Pearson marrow-pancreas syndrome
• deletion of mitochondrial DNA
• The size and location of mitochondrial DNA deletions vary, usually ranging from 1,000 to 10,000 nucleotides
• It’s the same deletions present in the Kearns-Sayre syndrome later in life.
• This severe condition affects the development of blood cells and the function of the pancreas and other organs
• Mitochondrial DNA deletions lead to the specific signs and symptoms of Pearson marrow-pancreas syndrome
• Some individuals with Pearson marrow-pancreas syndrome who survive past early childhood develop signs and symptoms of Kearns-Sayre syndrome later in life.
• Affected individuals have (anemia, pallor, weakness, fatigue, neutropenia, thrombocytopenia)
• reduced ability to absorb nutrients from the diet (malabsorption)

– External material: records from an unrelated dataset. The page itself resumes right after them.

(* Let $\boldsymbol{\nu}$ be a bandit instance with $\nu_a=\mathrm{Bernoulli}(\mu_a)$ and $\mu_1>\mu_2\ge\dots\ge\mu_K$. Let $\Delta_a=\mu_1-\mu_a$ and $\Delta_{\min}=\min_{a\ne1}\Delta_a$. Then $$T^\star_{\mathrm{TV}}(\boldsymbol{\nu})=\frac{1}{\Delta_{\min}}+\sum_{a=2}^K\frac{1}{\Delta_a},\qquad\text{and}\qquad \frac{1}{\Delta_{\min}}\le T^\star_{\mathrm{TV}}(\boldsymbol{\nu})\le\frac{K}{\Delta_{\min}}.$$
   Context: $\big(T^\star_{\mathrm{TV}}(\boldsymbol{\nu})\big)^{-1}=\sup_{\omega\in\Sigma_K}\inf_{\boldsymbol{\lambda}\in\operatorname{Alt}(\boldsymbol{\nu})}\sum_{a=1}^K\omega_a\mathrm{TV}(\nu_a,\lambda_a)$, where $\Sigma_K$ is the probability simplex in $\mathbb{R}^K$, $\mathrm{TV}(P,Q)=\sup_A(P(A)-Q(A))$, and $\operatorname{Alt}(\boldsymbol{\nu})$ is the set of Bernoulli instances $\boldsymbol{\lambda}=(\mathrm{Bernoulli}(\rho_a))_{a\in[K]}$ whose optimal arm (arm of largest mean) differs from that of $\boldsymbol{\nu}$. *)

theory Defs
  imports "HOL-Probability.Probability"
begin

definition TV :: "'a pmf \<Rightarrow> 'a pmf \<Rightarrow> real" where
  "TV P Q = (SUP A. measure_pmf.prob P A - measure_pmf.prob Q A)"

text \<open>Bandit instances with K arms indexed 1..K, given by the Bernoulli means.\<close>
definition bern_instance :: "nat \<Rightarrow> (nat \<Rightarrow> real) \<Rightarrow> bool" where
  "bern_instance K \<rho> \<longleftrightarrow> (\<forall>a\<in>{1..K}. 0 \<le> \<rho> a \<and> \<rho> a \<le> 1)"

definition opt_arms :: "nat \<Rightarrow> (nat \<Rightarrow> real) \<Rightarrow> nat set" where
  "opt_arms K \<rho> = {a\<in>{1..K}. \<forall>b\<in>{1..K}. \<rho> b \<le> \<rho> a}"

definition Alt :: "nat \<Rightarrow> (nat \<Rightarrow> real) \<Rightarrow> (nat \<Rightarrow> real) set" where
  "Alt K \<mu> = {\<rho>. bern_instance K \<rho> \<and> opt_arms K \<rho> \<inter> opt_arms K \<mu> = {}}"

definition prob_simplex :: "nat \<Rightarrow> (nat \<Rightarrow> real) set" where
  "prob_simplex K = {\<omega>. (\<forall>a\<in>{1..K}. 0 \<le> \<omega> a) \<and> (\<Sum>a=1..K. \<omega> a) = 1}"

definition T_TV :: "nat \<Rightarrow> (nat \<Rightarrow> real) \<Rightarrow> real" where
  "T_TV K \<mu> = 1 / (SUP \<omega>\<in>prob_simplex K. INF \<rho>\<in>Alt K \<mu>.
      \<Sum>a=1..K. \<omega> a * TV (bernoulli_pmf (\<mu> a)) (bernoulli_pmf (\<rho> a)))"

• most affected infants have an inability to grow and gain weight at the expected rate (failure to thrive).
• Another common occurrence in people with this condition is buildup in the body of a chemical called lactic acid lactic acidosis
Nonsyndromic deafness
• Mutations in two mitochondrial genes, MT-RNR1 and MT-TS1
• These genes provide instructions for making different types of RNA.

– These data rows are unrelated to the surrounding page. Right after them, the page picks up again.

(* Let $\mathcal K$ (UAVs) and $\mathcal I$ (subscribers) be finite sets. Fix $\sigma^2>0$, channel gains $h_{ij}>0$ ($i\in\mathcal I$, $j\in\mathcal K$), association indicators $c_{ik}\in\{0,1\}$ with $\sum_{k}c_{ik}\le1$ for all $i$ and $\sum_i c_{ik}\le 1$ for all $k$, constants $L>0$, $B>0$, $V\rho_1\ge 0$, nonnegative weights $a_i$ ($i\in\mathcal I$) and $w_k$ ($k\in\mathcal K$), and power bounds $0\le p^{\min}_k$, $p^c_k\ge 0$, $\hat p_k$. For $p=(p_k)_{k\in\mathcal K}$ let $$r_i(p)=\sum_{k\in\mathcal K}c_{ik}\log_2\Big(1+\frac{p_kh_{ik}}{\sigma^2+\sum_{j\in\mathcal K\setminus\{k\}}p_jh_{ij}}\Big),$$ and let $\mathcal F=\{p:\ p^{\min}_k\le p_k\le \hat p_k-p^c_k\ \forall k\}$. Problem (P): minimize over $p\in\mathcal F$ the function $\Phi(p)=\sum_{k}w_kp_k+V\rho_1\sum_{i}\frac{L}{B\,r_i(p)}-\sum_i a_i r_i(p)$ (with $L/(B\cdot 0)=+\infty$); let $\mathrm{OPT}_P=\inf_{p\in\mathcal F}\Phi(p)$. Fix a local point $p^{(r)}\ge 0$ and define $\hat\Lambda_i(p)=\log_2(\sigma^2+\sum_{j}p_jh_{ij})$, $F^{(r)}_{ik}=\log_2(\sigma^2+\sum_{j\ne k}p^{(r)}_jh_{ij})$, $G^{(r)}_{ikj}=h_{ij}/\big((\sigma^2+\sum_{l\ne k}p^{(r)}_lh_{il})\ln2\big)$ for $j\ne k$. Problem (C): maximize over $(p,\xi,\eta)$, $\xi=(\xi_i)_{i\in\mathcal I}$, $\eta=(\eta_i)_{i\in\mathcal I}$, the objective $-\sum_k w_kp_k+\sum_i a_i\eta_i-V\rho_1\sum_i\xi_i$ subject to: $p\in\mathcal F$; $\xi_i\ge0,\ \eta_i\ge 0$ and $\xi_i\eta_i\ge L/B$ for all $i$; and for all $i$, $$\sum_{k}c_{ik}\big(\hat\Lambda_i(p)-F^{(r)}_{ik}\big)-\sum_k c_{ik}\sum_{j\ne k}G^{(r)}_{ikj}(p_j-p^{(r)}_j)\ge\eta_i .$$ Let $\mathrm{OPT}_C$ be the supremum of the objective of (C) over its feasible set ($-\infty$ if infeasible). Then $\mathrm{OPT}_P\le -\mathrm{OPT}_C$, i.e., the negative of the optimal value of (C) is an upper bound on the optimal value of (P).
   Context: Problem (P) is the per-slot UAV transmit-power subproblem of a Lyapunov drift-plus-penalty scheme for multi-UAV video transmission: in the paper $w_k=V\rho_2+[Y_k(t)]^+$ and $a_i=[X_i(t)]^++[Z_i(t)]^+$ with $V,\rho_1,\rho_2\ge0$ and $[x]^+=\max\{x,0\}$, $L$ is the video data length per slot and $B$ the bandwidth; $r_i(p)$ is the achievable rate of subscriber $i$ under the fixed association $c$ and fixed UAV positions (encoded in $h_{ij}$). *)

theory Defs
  imports "HOL-Analysis.Analysis"
begin

definition rate ::
  "'k set \<Rightarrow> real \<Rightarrow> ('i \<Rightarrow> 'k \<Rightarrow> real) \<Rightarrow> ('i \<Rightarrow> 'k \<Rightarrow> real) \<Rightarrow> ('k \<Rightarrow> real) \<Rightarrow> 'i \<Rightarrow> real"
  where "rate K sigma2 h c p i =
     (\<Sum>k\<in>K. c i k * log 2 (1 + p k * h i k / (sigma2 + (\<Sum>j\<in>K - {k}. p j * h i j))))"

definition feasP :: "'k set \<Rightarrow> ('k \<Rightarrow> real) \<Rightarrow> ('k \<Rightarrow> real) \<Rightarrow> ('k \<Rightarrow> real) \<Rightarrow> ('k \<Rightarrow> real) set"
  where "feasP K pmin phat pc = {p. \<forall>k\<in>K. pmin k \<le> p k \<and> p k \<le> phat k - pc k}"

definition delay_term :: "real \<Rightarrow> real \<Rightarrow> real \<Rightarrow> ereal"
  where "delay_term L B r = (if r = 0 then \<infinity> else ereal (L / (B * r)))"

definition PhiP ::
  "'k set \<Rightarrow> 'i set \<Rightarrow> real \<Rightarrow> ('i \<Rightarrow> 'k \<Rightarrow> real) \<Rightarrow> ('i \<Rightarrow> 'k \<Rightarrow> real) \<Rightarrow> real \<Rightarrow> real \<Rightarrow> real
   \<Rightarrow> ('i \<Rightarrow> real) \<Rightarrow> ('k \<Rightarrow> real) \<Rightarrow> ('k \<Rightarrow> real) \<Rightarrow> ereal"
  where "PhiP K I sigma2 h c L B Vrho1 a w p =
     ereal (\<Sum>k\<in>K. w k * p k)
     + ereal Vrho1 * (\<Sum>i\<in>I. delay_term L B (rate K sigma2 h c p i))
     - ereal (\<Sum>i\<in>I. a i * rate K sigma2 h c p i)"

definition OPT_P where
  "OPT_P K I sigma2 h c L B Vrho1 a w pmin phat pc =
     (INF p\<in>feasP K pmin phat pc. PhiP K I sigma2 h c L B Vrho1 a w p)"

definition feasC ::
  "'k set \<Rightarrow> 'i set \<Rightarrow> real \<Rightarrow> ('i \<Rightarrow> 'k \<Rightarrow> real) \<Rightarrow> ('i \<Rightarrow> 'k \<Rightarrow> real) \<Rightarrow> real \<Rightarrow> real
   \<Rightarrow> ('k \<Rightarrow> real) \<Rightarrow> ('k \<Rightarrow> real) \<Rightarrow> ('k \<Rightarrow> real) \<Rightarrow> ('k \<Rightarrow> real)
   \<Rightarrow> (('k \<Rightarrow> real) \<times> ('i \<Rightarrow> real) \<times> ('i \<Rightarrow> real)) set"
  where "feasC K I sigma2 h c L B pmin phat pc pr =
     {(p, xi, eta). p \<in> feasP K pmin phat pc \<and>
        (\<forall>i\<in>I. xi i \<ge> 0 \<and> eta i \<ge> 0 \<and> xi i * eta i \<ge> L / B) \<and>
        (\<forall>i\<in>I.
          (\<Sum>k\<in>K. c i k * (log 2 (sigma2 + (\<Sum>j\<in>K. p j * h i j))
                              - log 2 (sigma2 + (\<Sum>j\<in>K - {k}. pr j * h i j))))
          - (\<Sum>k\<in>K. c i k * (\<Sum>j\<in>K - {k}.
                 h i j / ((sigma2 + (\<Sum>l\<in>K - {k}. pr l * h i l)) * ln 2) * (p j - pr j)))
          \<ge> eta i)}"

definition objC ::
  "'k set \<Rightarrow> 'i set \<Rightarrow> real \<Rightarrow> ('i \<Rightarrow> real) \<Rightarrow> ('k \<Rightarrow> real)
   \<Rightarrow> ('k \<Rightarrow> real) \<times> ('i \<Rightarrow> real) \<times> ('i \<Rightarrow> real) \<Rightarrow> real"
  where "objC K I Vrho1 a w x = (case x of (p, xi, eta) \<Rightarrow>
     - (\<Sum>k\<in>K. w k * p k) + (\<Sum>i\<in>I. a i * eta i) - Vrho1 * (\<Sum>i\<in>I. xi i))"

text \<open>Supremum in the extended reals; Sup {} = -infinity for an infeasible problem.\<close>
definition OPT_C where
  "OPT_C K I sigma2 h c L B Vrho1 a w pmin phat pc pr =
     (SUP x\<in>feasC K I sigma2 h c L B pmin phat pc pr. ereal (objC K I Vrho1 a w x))"

end

theory Submission
  imports Defs
begin

text \<open>
  Fix a feasible point \<open>(p, \<xi>, \<eta>)\<close> of (C). With \<open>A\<close> the noise-plus-interference seen by
  link \<open>k\<close> of subscriber \<open>i\<close>, its rate is \<open>log\<^sub>2 (A + signal) - log\<^sub>2 A\<close>; since \<open>log\<^sub>2\<close> is
  concave, replacing \<open>log\<^sub>2 A\<close> by its tangent at the local point lowers the rate, and the
  result is exactly the left-hand side of the rate constraint of (C). Hence \<open>\<eta>\<^sub>i \<le> r\<^sub>i(p)\<close>,
  so \<open>\<eta>\<^sub>i > 0\<close> and \<open>\<xi>\<^sub>i \<ge> L/(B \<eta>\<^sub>i) \<ge> L/(B r\<^sub>i(p))\<close>, and \<open>\<Phi>(p)\<close> is at most minus the
  objective of (C) at that point.
\<close>

definition rate_minorant ::
  "'k set \<Rightarrow> real \<Rightarrow> ('i \<Rightarrow> 'k \<Rightarrow> real) \<Rightarrow> ('i \<Rightarrow> 'k \<Rightarrow> real) \<Rightarrow> ('k \<Rightarrow> real) \<Rightarrow> ('k \<Rightarrow> real) \<Rightarrow> 'i \<Rightarrow> real"
  where "rate_minorant K sigma2 h c pr p i =
     (\<Sum>k\<in>K. c i k * (log 2 (sigma2 + (\<Sum>j\<in>K. p j * h i j))
                         - log 2 (sigma2 + (\<Sum>j\<in>K - {k}. pr j * h i j))))
     - (\<Sum>k\<in>K. c i k * (\<Sum>j\<in>K - {k}.
            h i j / ((sigma2 + (\<Sum>l\<in>K - {k}. pr l * h i l)) * ln 2) * (p j - pr j)))"

lemma feasC_eq_rate_minorant:
  "feasC K I sigma2 h c L B pmin phat pc pr =
     {(p, xi, eta). p \<in> feasP K pmin phat pc \<and>
        (\<forall>i\<in>I. xi i \<ge> 0 \<and> eta i \<ge> 0 \<and> xi i * eta i \<ge> L / B) \<and>
        (\<forall>i\<in>I. rate_minorant K sigma2 h c pr p i \<ge> eta i)}"
  unfolding feasC_def rate_minorant_def ..

lemma log_diff_le_tangent:
  fixes b x x0 :: real
  assumes "1 < b" "0 < x" "0 < x0"
  shows "log b x - log b x0 \<le> (x - x0) / (x0 * ln b)"
proof -
  have "ln x - ln x0 = ln (x / x0)" using assms by (simp add: ln_div)
  also have "\<dots> \<le> x / x0 - 1" using assms by (intro ln_le_minus_one) auto
  also have "\<dots> = (x - x0) / x0" using assms by (simp add: field_simps)
  finally have ln_bound: "ln x - ln x0 \<le> (x - x0) / x0" .
  have "log b x - log b x0 = (ln x - ln x0) / ln b"
    by (simp add: log_def diff_divide_distrib)
  also have "\<dots> \<le> ((x - x0) / x0) / ln b"
    using assms ln_bound by (intro divide_right_mono) auto
  finally show ?thesis by simp
qed

lemma log_sinr_ge_linearization:
  fixes K :: "'k set" and p q g :: "'k \<Rightarrow> real" and s :: real
  assumes "finite K" "k \<in> K" "0 < s"
    and "\<forall>j\<in>K. 0 < g j" "\<forall>j\<in>K. 0 \<le> p j" "\<forall>j\<in>K. 0 \<le> q j"
  shows "log 2 (s + (\<Sum>j\<in>K. p j * g j)) - log 2 (s + (\<Sum>j\<in>K - {k}. q j * g j))
       - (\<Sum>j\<in>K - {k}. g j / ((s + (\<Sum>l\<in>K - {k}. q l * g l)) * ln 2) * (p j - q j))
     \<le> log 2 (1 + p k * g k / (s + (\<Sum>j\<in>K - {k}. p j * g j)))"
proof -
  define A where "A = s + (\<Sum>j\<in>K - {k}. p j * g j)"
  define A0 where "A0 = s + (\<Sum>j\<in>K - {k}. q j * g j)"
  have "0 \<le> (\<Sum>j\<in>K - {k}. p j * g j)" "0 \<le> (\<Sum>j\<in>K - {k}. q j * g j)"
    using assms by (auto intro!: sum_nonneg simp: less_imp_le)
  then have A_pos: "0 < A" and A0_pos: "0 < A0"
    using \<open>0 < s\<close> unfolding A_def A0_def by linarith+
  have signal_nonneg: "0 \<le> p k * g k"
    using assms by (simp add: less_imp_le)
  have total: "s + (\<Sum>j\<in>K. p j * g j) = A + p k * g k"
    unfolding A_def using assms by (simp add: sum.remove)
  have tangent: "(\<Sum>j\<in>K - {k}. g j / (A0 * ln 2) * (p j - q j)) = (A - A0) / (A0 * ln 2)"
    unfolding A_def A0_def
    by (simp add: sum_divide_distrib[symmetric] sum_subtractf[symmetric] algebra_simps)
  have "log 2 (1 + p k * g k / A) = log 2 ((A + p k * g k) / A)"
    using A_pos by (simp add: field_simps)
  also have "\<dots> = log 2 (A + p k * g k) - log 2 A"
    using A_pos signal_nonneg by (simp add: log_divide)
  finally have rate: "log 2 (1 + p k * g k / A) = log 2 (A + p k * g k) - log 2 A" .
  show ?thesis
    using log_diff_le_tangent[OF _ A_pos A0_pos, of 2]
    unfolding A_def[symmetric] A0_def[symmetric] total tangent rate by simp
qed

lemma rate_minorant_le_rate:
  assumes "finite K" "0 < sigma2"
    and "\<forall>j\<in>K. 0 < h i j" "\<forall>k\<in>K. 0 \<le> c i k"
    and "\<forall>j\<in>K. 0 \<le> p j" "\<forall>j\<in>K. 0 \<le> pr j"
  shows "rate_minorant K sigma2 h c pr p i \<le> rate K sigma2 h c p i"
proof -
  have "rate_minorant K sigma2 h c pr p i =
      (\<Sum>k\<in>K. c i k * (log 2 (sigma2 + (\<Sum>j\<in>K. p j * h i j))
                         - log 2 (sigma2 + (\<Sum>j\<in>K - {k}. pr j * h i j))
          - (\<Sum>j\<in>K - {k}.
              h i j / ((sigma2 + (\<Sum>l\<in>K - {k}. pr l * h i l)) * ln 2) * (p j - pr j))))"
    unfolding rate_minorant_def by (simp add: right_diff_distrib sum_subtractf)
  also have "\<dots> \<le> rate K sigma2 h c p i"
    unfolding rate_def
    using assms log_sinr_ge_linearization[OF assms(1) _ assms(2), where g = "h i" and p = p and q = pr]
    by (intro sum_mono mult_left_mono) auto
  finally show ?thesis .
qed

lemma delay_term_le:
  assumes "0 < L" "0 < B" "0 \<le> xi" "0 \<le> eta" "L / B \<le> xi * eta" "eta \<le> r"
  shows "delay_term L B r \<le> ereal xi"
proof -
  have "0 < xi * eta" using assms divide_pos_pos[of L B] by linarith
  then have "0 < eta" using assms by (auto simp: zero_less_mult_iff)
  then have r_pos: "0 < r" using assms by linarith
  have "L / B \<le> xi * r"
    using assms by (meson mult_left_mono order_trans)
  then have "L / (B * r) \<le> xi"
    using r_pos \<open>0 < B\<close> by (simp add: field_simps)
  then show ?thesis
    using r_pos unfolding delay_term_def by simp
qed

lemma PhiP_le_uminus_objC:
  assumes "finite K" "0 < sigma2" "\<forall>i\<in>I. \<forall>j\<in>K. 0 < h i j" "\<forall>i\<in>I. \<forall>k\<in>K. 0 \<le> c i k"
    and "0 < L" "0 < B" "0 \<le> Vrho1" "\<forall>i\<in>I. 0 \<le> a i"
    and "\<forall>k\<in>K. 0 \<le> pmin k" "\<forall>k\<in>K. 0 \<le> pr k"
    and feasible: "(p, xi, eta) \<in> feasC K I sigma2 h c L B pmin phat pc pr"
  shows "PhiP K I sigma2 h c L B Vrho1 a w p \<le> ereal (- objC K I Vrho1 a w (p, xi, eta))"
proof -
  let ?r = "rate K sigma2 h c p"
  have "p \<in> feasP K pmin phat pc"
    and xi_eta: "\<forall>i\<in>I. 0 \<le> xi i \<and> 0 \<le> eta i \<and> L / B \<le> xi i * eta i"
    and minorant: "\<forall>i\<in>I. eta i \<le> rate_minorant K sigma2 h c pr p i"
    using feasible unfolding feasC_eq_rate_minorant by auto
  then have "\<forall>j\<in>K. 0 \<le> p j"
    using assms(9) unfolding feasP_def by force
  then have eta_le_rate: "eta i \<le> ?r i" if "i \<in> I" for i
    using that assms minorant rate_minorant_le_rate[of K sigma2 h i c p pr] by force
  have "delay_term L B (?r i) \<le> ereal (xi i)" if "i \<in> I" for i
    using delay_term_le[OF assms(5,6), of "xi i" "eta i"] xi_eta eta_le_rate that by blast
  then have "(\<Sum>i\<in>I. delay_term L B (?r i)) \<le> (\<Sum>i\<in>I. ereal (xi i))"
    by (rule sum_mono)
  then have delay:
    "ereal Vrho1 * (\<Sum>i\<in>I. delay_term L B (?r i)) \<le> ereal Vrho1 * ereal (\<Sum>i\<in>I. xi i)"
    using assms(7) by (intro ereal_mult_left_mono) simp_all
  have gain: "(\<Sum>i\<in>I. a i * eta i) \<le> (\<Sum>i\<in>I. a i * ?r i)"
    using assms(8) eta_le_rate by (intro sum_mono mult_left_mono) auto
  have "PhiP K I sigma2 h c L B Vrho1 a w p
      \<le> ereal (\<Sum>k\<in>K. w k * p k) + ereal Vrho1 * ereal (\<Sum>i\<in>I. xi i)
          - ereal (\<Sum>i\<in>I. a i * eta i)"
    unfolding PhiP_def using delay gain by (intro ereal_minus_mono add_left_mono) auto
  then show ?thesis
    by (simp add: objC_def algebra_simps)
qed

lemma INF_le_uminus_SUP:
  fixes f g :: "_ \<Rightarrow> ereal"
  assumes "\<And>x. x \<in> C \<Longrightarrow> \<exists>y\<in>F. f y \<le> - g x"
  shows "(INF y\<in>F. f y) \<le> - (SUP x\<in>C. g x)"
proof -
  have "(INF y\<in>F. f y) \<le> (INF x\<in>C. - g x)"
    using assms by (meson INF_greatest INF_lower2)
  then show ?thesis
    by (simp add: ereal_INF_uminus_eq)
qed

theorem lemma1:
  fixes K :: "'k set" and I :: "'i set"
    and sigma2 L B Vrho1 :: real
    and h c :: "'i \<Rightarrow> 'k \<Rightarrow> real"
    and a :: "'i \<Rightarrow> real" and w pmin pc phat pr :: "'k \<Rightarrow> real"
  assumes "finite K" and "finite I"
    and "sigma2 > 0"
    and "\<forall>i\<in>I. \<forall>j\<in>K. h i j > 0"
    and "\<forall>i\<in>I. \<forall>k\<in>K. c i k \<in> {0, 1}"
    and "\<forall>i\<in>I. (\<Sum>k\<in>K. c i k) \<le> 1"
    and "\<forall>k\<in>K. (\<Sum>i\<in>I. c i k) \<le> 1"
    and "L > 0" and "B > 0" and "Vrho1 \<ge> 0"
    and "\<forall>i\<in>I. a i \<ge> 0" and "\<forall>k\<in>K. w k \<ge> 0"
    and "\<forall>k\<in>K. pmin k \<ge> 0" and "\<forall>k\<in>K. pc k \<ge> 0"
    and "\<forall>k\<in>K. pr k \<ge> 0"
  shows "OPT_P K I sigma2 h c L B Vrho1 a w pmin phat pc
         \<le> - OPT_C K I sigma2 h c L B Vrho1 a w pmin phat pc pr"
  unfolding OPT_P_def OPT_C_def
proof (rule INF_le_uminus_SUP)
  fix x
  assume feasible: "x \<in> feasC K I sigma2 h c L B pmin phat pc pr"
  obtain p xi eta where x: "x = (p, xi, eta)"
    by (cases x) auto
  have c_nonneg: "\<forall>i\<in>I. \<forall>k\<in>K. 0 \<le> c i k"
    using assms(5) by fastforce
  have "p \<in> feasP K pmin phat pc"
    using feasible unfolding x feasC_eq_rate_minorant by auto
  moreover have "PhiP K I sigma2 h c L B Vrho1 a w p \<le> - ereal (objC K I Vrho1 a w x)"
    using PhiP_le_uminus_objC[OF assms(1,3,4) c_nonneg assms(8-11,13,15)] feasible
    unfolding x by simp
  ultimately show "\<exists>p\<in>feasP K pmin phat pc.
      PhiP K I sigma2 h c L B Vrho1 a w p \<le> - ereal (objC K I Vrho1 a w x)" by blast
qed

end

• The MT-RNR1 gene provides instructions for a specific type of ribosomal RNA called 12S RNA
• A particular form of tRNA, designated as tRNASer(UCN), is formed from the MT-TS1 gene
• Both of these RNA molecules help assemble amino acids into full-length, functioning proteins within mitochondria
• Mutations in the MT-RNR1 gene increase the risk of hearing loss, particularly in people who take prescription antibiotic medications called amino glycosides
• Amino glycosides kill bacteria by binding to their ribosomal RNA and disrupting the bacteria's ability to make proteins
• Common genetic changes in the MT-RNR1 gene can make the 12S RNA in human cells look similar to bacterial ribosomal RNA.
• amino glycosides can target the altered 12S RNA just as they target bacterial ribosomal RNA.
• Reduce the production of proteins needed for oxidative phosphorylation, which may impair the ability of mitochondria to make ATP.
• the effects of mutations in the MT-RNR1 and MT-TS1 genes are usually limited to cells in the inner ear that are essential for hearing.